(Data entries)

(* Let $0<\theta<1$, let $\rho,\tau$ be positive integers with $\rho\le\tau$, and let $m=2^\beta$ for some $\beta\in\mathbb{N}=\{0,1,2,\dots\}$. Then $$L_m^{\rho/\tau}(\theta)=\int_{-\infty}^{\infty}\ell_m^{\rho/\tau}(\varepsilon)\,f_\theta(\varepsilon)\,d\varepsilon = 1+\lg m+\frac{1}{2}\,\frac{\theta^{m/2}}{1-\theta^{m/2}}\left(\theta^{\frac{\rho}{2\tau}}+\theta^{-\frac{\rho}{2\tau}}\right).$$
   Context: $\lg$ denotes $\log_2$. The Laplace density with parameter $\theta\in(0,1)$ is $f_\theta(\varepsilon)=-\frac{\ln\theta}{2}\theta^{|\varepsilon|}$, $\varepsilon\in\mathbb{R}$. The generalized Rice mapping $M:\mathbb{R}\to\mathbb{Z}_{\ge0}$ is $M(\varepsilon)=\lfloor 2\varepsilon\rfloor$ if $\varepsilon\ge 0$ and $M(\varepsilon)=-\lfloor 2\varepsilon\rfloor-1$ if $\varepsilon<0$. For a positive integer $m$, the Golomb codeword of a non-negative integer $N$ consists of $j=\lfloor N/m\rfloor$ in unary ($j+1$ bits) followed by $k=N \bmod m$ in minimal binary, which uses $\lfloor\lg m\rfloor$ bits if $k<2^{\lceil\lg m\rceil}-m$ and $\lceil\lg m\rceil$ bits otherwise; let $\lambda_m(N)$ be the total number of bits. The (finest-precision) code length of a real residual $\varepsilon$ is $\ell_m(\varepsilon)=\lambda_m(M(\varepsilon))$. For positive integers $\rho\le\tau$ (precision $\rho/\tau$), the code length assigned to the real residual $\varepsilon$ at precision $\rho/\tau$ is modeled as the finest-precision assignment shifted left by $\rho/(2\tau)$: $\ell_m^{\rho/\tau}(\varepsilon)=\ell_m(\varepsilon+\rho/(2\tau))$. $L_m^{\rho/\tau}(\theta)$ denotes the average code length under the Laplace density, as in the claim. *)

theory Defs
  imports "HOL-Analysis.Analysis"
begin

definition laplace_density :: "real \<Rightarrow> real \<Rightarrow> real" where
  "laplace_density \<theta> \<epsilon> = - ln \<theta> / 2 * \<theta> powr \<bar>\<epsilon>\<bar>"

definition rice_map :: "real \<Rightarrow> nat" where
  "rice_map \<epsilon> = (if \<epsilon> \<ge> 0 then nat \<lfloor>2 * \<epsilon>\<rfloor> else nat (- \<lfloor>2 * \<epsilon>\<rfloor> - 1))"

text \<open>Length in bits of the Golomb codeword of N with parameter m:
  unary part (N div m + 1 bits) plus minimal binary code of N mod m.\<close>
definition golomb_len :: "nat \<Rightarrow> nat \<Rightarrow> nat" where
  "golomb_len m N =
     N div m + 1 +
     (if int (N mod m) < 2 ^ nat \<lceil>log 2 (real m)\<rceil> - int m
      then nat \<lfloor>log 2 (real m)\<rfloor> else nat \<lceil>log 2 (real m)\<rceil>)"

definition code_len :: "nat \<Rightarrow> real \<Rightarrow> nat" where
  "code_len m \<epsilon> = golomb_len m (rice_map \<epsilon>)"

definition code_len_prec :: "nat \<Rightarrow> nat \<Rightarrow> nat \<Rightarrow> real \<Rightarrow> nat" where
  "code_len_prec m \<rho> \<tau> \<epsilon> = code_len m (\<epsilon> + real \<rho> / (2 * real \<tau>))"

definition avg_code_len :: "nat \<Rightarrow> nat \<Rightarrow> nat \<Rightarrow> real \<Rightarrow> real" where
  "avg_code_len m \<rho> \<tau> \<theta> =
     integral UNIV (\<lambda>\<epsilon>. real (code_len_prec m \<rho> \<tau> \<epsilon>) * laplace_density \<theta> \<epsilon>)"

end

theory Submission
  imports Defs
begin

text \<open>For \<open>m = 2^\<beta>\<close> the Golomb code is a Rice code, of length \<open>1 + \<beta> + \<lfloor>N / m\<rfloor>\<close>.
  The quotient \<open>\<lfloor>M(\<epsilon> + \<delta>) / m\<rfloor>\<close> counts the \<open>n \<ge> 0\<close> for which \<open>\<epsilon> + \<delta>\<close> reaches the threshold
  \<open>(n + 1) m / 2\<close> or lies strictly below its negative; by monotone convergence the expected
  length is therefore \<open>1 + \<beta>\<close> plus the sum of the Laplace tail masses
  \<open>(\<theta>^((n+1)m/2 - \<delta>) + \<theta>^((n+1)m/2 + \<delta>)) / 2\<close>, a geometric series with ratio \<open>\<theta>^(m/2)\<close>.
  The shift \<open>\<delta> = \<rho>/(2\<tau>) \<le> 1/2 \<le> m/2\<close> keeps every threshold on its side of the origin.\<close>

lemma golomb_len_pow2: "golomb_len (2 ^ b) N = N div 2 ^ b + 1 + b"
  by (simp add: golomb_len_def log_nat_power)

lemma rice_map_div_gt_iff:
  assumes "m > 0"
  shows "n < rice_map x div m \<longleftrightarrow>
    (real n + 1) * real m / 2 \<le> x \<or> x < - ((real n + 1) * real m / 2)"
proof -
  have "n < rice_map x div m \<longleftrightarrow> (n + 1) * m \<le> rice_map x"
    using assms by (simp add: less_eq_div_iff_mult_less_eq Suc_le_eq[symmetric] mult.commute)
  also have "\<dots> \<longleftrightarrow> int ((n + 1) * m) \<le> int (rice_map x)"
    by (simp only: of_nat_le_iff)
  also have "\<dots> \<longleftrightarrow> int ((n + 1) * m) \<le> \<lfloor>2 * x\<rfloor> \<or> \<lfloor>2 * x\<rfloor> < - int ((n + 1) * m)"
  proof -
    define k where "k = \<lfloor>2 * x\<rfloor>"
    have "0 < int ((n + 1) * m)"
      using assms by (simp only: of_nat_0_less_iff) simp
    moreover have "0 \<le> x \<longleftrightarrow> 0 \<le> k"
      by (simp add: k_def)
    ultimately show ?thesis
      unfolding rice_map_def k_def[symmetric] by auto
  qed
  also have "\<dots> \<longleftrightarrow> real ((n + 1) * m) \<le> 2 * x \<or> 2 * x < - real ((n + 1) * m)"
    by (metis le_floor_iff floor_less_iff of_int_minus of_int_of_nat_eq)
  also have "\<dots> \<longleftrightarrow> (real n + 1) * real m / 2 \<le> x \<or> x < - ((real n + 1) * real m / 2)"
    by (auto simp: field_simps)
  finally show ?thesis .
qed

lemma laplace_density_nonneg: "0 < \<theta> \<Longrightarrow> \<theta> < 1 \<Longrightarrow> 0 \<le> laplace_density \<theta> x"
  by (simp add: laplace_density_def mult_nonpos_nonneg)

lemma laplace_density_minus: "laplace_density \<theta> (- x) = laplace_density \<theta> x"
  by (simp add: laplace_density_def)

lemma borel_measurable_laplace_density [measurable]: "laplace_density \<theta> \<in> borel_measurable borel"
  unfolding laplace_density_def by measurable

lemma nn_integral_laplace_upper_tail:
  assumes \<theta>: "0 < \<theta>" "\<theta> < 1" and "0 \<le> a"
  shows "(\<integral>\<^sup>+x. ennreal (laplace_density \<theta> x) * indicator {a..} x \<partial>lborel) = ennreal (\<theta> powr a / 2)"
proof -
  define c where "c = - ln \<theta>"
  have "c > 0"
    using \<theta> by (simp add: c_def)
  then have "((\<lambda>x. c / 2 * exp (- c * x)) has_integral c / 2 * (exp (- c * a) / c)) {a..}"
    by (intro has_integral_mult_right has_integral_exp_minus_to_infinity)
  moreover have "c / 2 * (exp (- c * a) / c) = \<theta> powr a / 2"
    using \<open>c > 0\<close> \<theta> by (simp add: powr_def c_def)
  moreover have "c / 2 * exp (- c * x) = laplace_density \<theta> x" if "x \<in> {a..}" for x
    using \<theta> \<open>0 \<le> a\<close> that by (simp add: laplace_density_def c_def powr_def)
  ultimately have "(laplace_density \<theta> has_integral \<theta> powr a / 2) {a..}"
    by (metis (no_types, lifting) has_integral_eq)
  then show ?thesis
    using laplace_density_nonneg[OF \<theta>] by (intro nn_integral_has_integral_lebesgue')
qed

• Task brief
Search the records for the string "open" and report each line that has it.

• Answer for this exercise
text \<open>Length in bits of the Golomb codeword of N with parameter m:
text \<open>For \<open>m = 2^\<beta>\<close> the Golomb code is a Rice code, of length \<open>1 + \<beta> + \<lfloor>N / m\<rfloor>\<close>.
  The quotient \<open>\<lfloor>M(\<epsilon> + \<delta>) / m\<rfloor>\<close> counts the \<open>n \<ge> 0\<close> for which \<open>\<epsilon> + \<delta>\<close> reaches the threshold
  \<open>(n + 1) m / 2\<close> or lies strictly below its negative; by monotone convergence the expected
  length is therefore \<open>1 + \<beta>\<close> plus the sum of the Laplace tail masses
  \<open>(\<theta>^((n+1)m/2 - \<delta>) + \<theta>^((n+1)m/2 + \<delta>)) / 2\<close>, a geometric series with ratio \<open>\<theta>^(m/2)\<close>.
  The shift \<open>\<delta> = \<rho>/(2\<tau>) \<le> 1/2 \<le> m/2\<close> keeps every threshold on its side of the origin.\<close>
    using \<open>c > 0\<close> \<theta> by (simp add: powr_def c_def)
    using \<theta> \<open>0 \<le> a\<close> that by (simp add: laplace_density_def c_def powr_def)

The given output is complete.